L’alternative classique aux brevets comme mesure de la création de connaissances est l’identification des produits innovants, ou plus largement des innovations. Certains auteurs par exemple préconisent de retenir les annonces de nouveaux produits réalisées auprès des revues commerciales et techniques pour mesurer le degré d’innovation des sociétés, en particulier le degré d’innovation radicale (Coombs, Narandren et Richards, 1996). La mise sur le marché apparaît à plusieurs auteurs comme la caractéristique clé du « résultat » de la recherche‐développement. Pour eux, un nouveau produit n’est « nouveau » qu’une fois disponible sur le marché (Santarelli et Piergiovanni, 1996).
En théorie, il s’agit de l’indicateur le plus intéressant puisqu’il permet de mesurer exactement ce que l’on veut étudier. Toutefois, cet indicateur est confronté à un certain nombre de critiques.
- La perception de l’innovation peut être relative. Certaines entreprises considèrent qu’elles n’innovent pas car elles ne font pas de R&D alors qu’une analyse de leur portefeuille de produits souligne l’importance des produits nouveaux. Il peut être difficile de définir ce qui constitue et ce qui ne constitue pas une innovation.

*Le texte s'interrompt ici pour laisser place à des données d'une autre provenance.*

lemma mech_density_insert_mixture:
  assumes "finite A" "insert c X \<subseteq> A" "c \<notin> X" "0 < q" "q \<le> card X"
  defines "w \<equiv> real q / real (card (insert c X))"
  shows "mech_density A q b (insert c X) z
    = (\<Sum>(y, t)\<in>pointed_batches X q. (1 - w) * b y z + w * b (insert c (y - {t})) z)
        / card (pointed_batches X q)"
proof -
  obtain k where q: "q = Suc k"
    using assms(4) gr0_implies_Suc by blast
  have fin: "finite X"
    using assms(1,2) by (meson finite_insert infinite_super)
  define S1 where "S1 = (\<Sum>y\<in>batches X q. b y z)"
  define S2 where "S2 = (\<Sum>u\<in>batches X k. b (insert c u) z)"
  define k1 where "k1 = real (card (batches X q))"
  define k2 where "k2 = real (card (batches X k))"
  define P where "P = real (card (pointed_batches X q))"
  define m where "m = real (card X - k)"
  have m: "m > 0" "real (card (insert c X)) = m + q"
    using assms(3,5) fin by (auto simp: m_def q)
  have P: "P = q * k1" "P = m * k2"
    using sum_pointed_batches_fst[OF fin, where q = q and f = "\<lambda>_. 1::real"]
      sum_pointed_batches_remove[OF fin, where k = k and f = "\<lambda>_. 1::real"]
    by (simp_all add: P_def k1_def k2_def m_def q)
  have "mech_density A q b (insert c X) z = (S1 + S2) / (k1 + k2)"
    unfolding mech_density_eq_average[OF assms(1,2)] q
    using sum_batches_insert_Suc[OF fin assms(3), where k = k and f = "\<lambda>y. b y z"]
      sum_batches_insert_Suc[OF fin assms(3), where k = k and f = "\<lambda>_. 1::real"]
    by (simp add: S1_def S2_def k1_def k2_def q)
  also have "\<dots> = ((1 - w) * (q * S1) + w * (m * S2)) / P"
  proof -
    have w: "1 - w = m / (m + q)" "w = q / (m + q)"
      using m assms(4) by (auto simp: w_def field_simps)
    have k: "k1 + k2 = P * (m + q) / (q * m)"
      using P m(1) assms(4) by (simp add: field_simps)
    show ?thesis
      unfolding w(1) unfolding w(2) k
      by (simp add: divide_divide_eq_right add_divide_distrib[symmetric] algebra_simps)
  qed
  also have "(1 - w) * (q * S1) + w * (m * S2)
      = (1 - w) * (\<Sum>(y, t)\<in>pointed_batches X q. b y z)
        + w * (\<Sum>(y, t)\<in>pointed_batches X q. b (insert c (y - {t})) z)"
    using sum_pointed_batches_fst[OF fin, where q = q and f = "\<lambda>y. b y z"]
      sum_pointed_batches_remove[OF fin, where k = k and f = "\<lambda>u. b (insert c u) z"]
    by (simp add: S1_def S2_def m_def q)
  also have "\<dots> = (\<Sum>(y, t)\<in>pointed_batches X q. (1 - w) * b y z + w * b (insert c (y - {t})) z)"
    by (simp add: sum.distrib sum_distrib_left case_prod_unfold)
  finally show ?thesis
    by (simp add: P_def)
qed

lemma d_pm_insert_insert_le_2:
  assumes "u \<subseteq> A" "c \<in> A" "c' \<in> A" "c \<notin> u" "c' \<notin> u"
  shows "d_pm A (insert c u) (insert c' u) \<le> 2"
proof -
  have "ins_rem_rel A (insert c u) u"
    using assms unfolding ins_rem_rel_def by (intro conjI bexI[of _ c]) auto
  moreover have "ins_rem_rel A u (insert c' u)"
    using assms unfolding ins_rem_rel_def by (intro conjI bexI[of _ c']) auto
  ultimately have "(ins_rem_rel A ^^ 2) (insert c u) (insert c' u)"
    by (auto simp: numeral_2_eq_2)
  then show ?thesis
    unfolding d_pm_def by (rule Least_le)
qed

lemma d_pm_self: "d_pm A y y = 0"
  unfolding d_pm_def by (rule Least_eq_0) simp

lemma pointed_batches_swap:
  assumes "(y, t) \<in> pointed_batches X q" "insert c X \<subseteq> A" "c \<notin> X"
  shows "y \<in> batches A q" "insert c (y - {t}) \<in> batches A q" "d_pm A y (insert c (y - {t})) \<le> 2"
proof -
  have y: "y \<subseteq> X" "card y = q" "t \<in> y"
    using assms(1) by (auto simp: pointed_batches_def batches_def)
  then show "y \<in> batches A q"
    using assms(2) by (auto simp: batches_def)
  show "insert c (y - {t}) \<in> batches A q"
    using y assms(2,3) card_gt_0_iff[of y]
    by (cases "finite y") (auto simp: batches_def card_insert_if card_Diff_singleton_if)
  have "d_pm A (insert t (y - {t})) (insert c (y - {t})) \<le> 2"
    using y assms(2,3) by (intro d_pm_insert_insert_le_2) auto
  then show "d_pm A y (insert c (y - {t})) \<le> 2"
    using y(3) by (simp add: insert_absorb)
qed

lemma mech_density_batch_size_0:
  assumes "finite A" "x \<subseteq> A"
  shows "mech_density A 0 b x = b {}"
proof -
  have "batches x 0 = {{}}"
    using assms by (auto simp: batches_def finite_subset)
  then show ?thesis
    by (simp add: mech_density_eq_average[OF assms] fun_eq_iff)
qed

lemma renyi_lambda_mech_density_subst_le:
  assumes "finite A" "\<alpha> \<ge> 1" "\<And>y. y \<in> batches A q \<Longrightarrow> is_density (b y)"
    and "insert a X \<subseteq> A" "insert a' X \<subseteq> A" "a \<notin> X" "a' \<notin> X" "0 < q" "q \<le> card X"
  defines "w \<equiv> real q / real (card (insert a X))"
  assumes "\<And>y t. (y, t) \<in> pointed_batches X q \<Longrightarrow>
      renyi_lambda \<alpha> (\<lambda>z. (1 - w) * b y z + w * b (insert a (y - {t})) z)
        (\<lambda>z. (1 - w) * b y z + w * b (insert a' (y - {t})) z) \<le> M"
  shows "renyi_lambda \<alpha> (mech_density A q b (insert a X)) (mech_density A q b (insert a' X)) \<le> M"
proof -
  define F where "F c = (\<lambda>(y, t) z. (1 - w) * b y z + w * b (insert c (y - {t})) z)" for c
  have fin: "finite X"
    using assms(1,4) by (meson finite_insert infinite_super)
  have w: "0 \<le> w" "w \<le> 1"
    using assms(6,9) fin by (auto simp: w_def)
  have mixture: "mech_density A q b (insert c X)
      = (\<lambda>z. (\<Sum>i\<in>pointed_batches X q. F c i z) / card (pointed_batches X q))"
    if "insert c X \<subseteq> A" "c \<notin> X" for c
    using mech_density_insert_mixture[OF assms(1) that assms(8,9), of b] that assms(6) fin
    by (auto simp: F_def w_def case_prod_unfold)
  have dens: "b y \<in> borel_measurable lborel" "b y z \<ge> 0" if "y \<in> batches A q" for y z
    using assms(3)[OF that] by (auto simp: is_density_def)
  have F: "F c i \<in> borel_measurable lborel" "F c i z \<ge> 0"
    if "i \<in> pointed_batches X q" "insert c X \<subseteq> A" "c \<notin> X" for i c z
    using pointed_batches_swap[of "fst i" "snd i" X q c A] dens that w
    by (auto simp: F_def case_prod_unfold)
  show ?thesis
    unfolding mixture[OF assms(4,6)] mixture[OF assms(5,7)]
    using assms(4-7) assms(11) F by (intro renyi_lambda_average_le assms(2)) (auto simp: F_def)
qed

theorem mainTheorem12:
  fixes A :: "'a set" and q :: nat and b :: "'a set \<Rightarrow> 'd::euclidean_space \<Rightarrow> real"
    and \<alpha> :: real and x x' :: "'a set"
  assumes "finite A"
    and dens: "\<And>y. y \<in> batches A q \<Longrightarrow> is_density (b y)"
    and "\<alpha> > 1"
    and "x \<subseteq> A" and "card x > q"
    and "subst_rel A x x'"
  shows "renyi_lambda \<alpha> (mech_density A q b x) (mech_density A q b x') \<le>
    (let w = real q / real (card x) in
     Max ((\<lambda>(y11, y12, y21, y22). renyi_lambda \<alpha>
              (\<lambda>z. (1 - w) * b y11 z + w * b y12 z)
              (\<lambda>z. (1 - w) * b y21 z + w * b y22 z)) `
          {(y11, y12, y21, y22). y11 \<in> batches A q \<and> y12 \<in> batches A q \<and>
             y21 \<in> batches A q \<and> y22 \<in> batches A q \<and> y11 = y21 \<and>
             d_pm A y11 y12 \<le> 2 \<and> d_pm A y11 y22 \<le> 2 \<and> d_pm A y12 y22 \<le> 2}))"
proof -
  obtain a a' where "a \<in> x" "a' \<in> A" "a' \<notin> x" "x' = insert a' (x - {a})"
    using assms(6) unfolding subst_rel_def by auto
  define X where "X = x - {a}"
  have X: "x = insert a X" "x' = insert a' X" "a \<notin> X" "a' \<notin> X" "insert a X \<subseteq> A" "insert a' X \<subseteq> A"
    using \<open>a \<in> x\<close> \<open>a' \<in> A\<close> \<open>a' \<notin> x\<close> \<open>x' = insert a' (x - {a})\<close> assms(4) by (auto simp: X_def)
  define w where "w = real q / real (card x)"
  define C where "C = {(y11, y12, y21, y22). y11 \<in> batches A q \<and> y12 \<in> batches A q \<and>
             y21 \<in> batches A q \<and> y22 \<in> batches A q \<and> y11 = y21 \<and>
             d_pm A y11 y12 \<le> 2 \<and> d_pm A y11 y22 \<le> 2 \<and> d_pm A y12 y22 \<le> 2}"
  define H where "H = (\<lambda>(y11, y12, y21, y22). renyi_lambda \<alpha>
              (\<lambda>z. (1 - w) * b y11 z + w * b y12 z)
              (\<lambda>z. (1 - w) * b y21 z + w * b y22 z))"
  have "finite C"
    by (rule finite_subset[of _ "batches A q \<times> batches A q \<times> batches A q \<times> batches A q"])
       (auto simp: C_def finite_batches assms(1))
  then have le_Max: "H c \<le> Max (H ` C)" if "c \<in> C" for c
    using that by simp
  have "renyi_lambda \<alpha> (mech_density A q b x) (mech_density A q b x') \<le> Max (H ` C)"
  proof (cases "q = 0")
    case True
    then have "H ({}, {}, {}, {}) \<le> Max (H ` C)"
      by (intro le_Max) (simp add: C_def batches_def d_pm_self)
    then show ?thesis
      using True X assms(1) by (simp add: H_def w_def mech_density_batch_size_0)
  next
    case False
    have "card x = Suc (card X)"
      using X(1,3,5) assms(1) finite_subset[of X A] by simp
    have "H (y, insert a (y - {t}), y, insert a' (y - {t})) \<le> Max (H ` C)"
      if "(y, t) \<in> pointed_batches X q" for y t
    proof (intro le_Max)
      have "y \<subseteq> X"
        using that by (simp add: pointed_batches_def batches_def)
      then have "d_pm A (insert a (y - {t})) (insert a' (y - {t})) \<le> 2"
        using X by (intro d_pm_insert_insert_le_2) auto
      then show "(y, insert a (y - {t}), y, insert a' (y - {t})) \<in> C"
        using pointed_batches_swap[OF that X(5,3)] pointed_batches_swap[OF that X(6,4)]
        by (simp add: C_def)
    qed
    then show ?thesis
      unfolding X(1,2) using assms(2,3,5) False \<open>card x = Suc (card X)\<close>
      by (intro renyi_lambda_mech_density_subst_le[OF assms(1)] X(3-6))
        (auto simp: H_def w_def X(1))
  qed
  then show ?thesis
    unfolding Let_def w_def[symmetric] H_def[symmetric] C_def[symmetric] .
qed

- Toutefois, au sein d’une entreprise, le problème peut être limité en adoptant une définition partagée de l’innovation.
- L’innovation est confrontée à la même critique en termes de valeur que le brevet. En effet, pour que l’indicateur soit pertinent, il faut être en mesure de distinguer au moins les innovations radicales des innovations incrémentales. Mais il est en réalité nécessaire d’aller plus loin. Les indicateurs d’impacts de l’innovation visent à combler cette lacune (cf. Partie 2.).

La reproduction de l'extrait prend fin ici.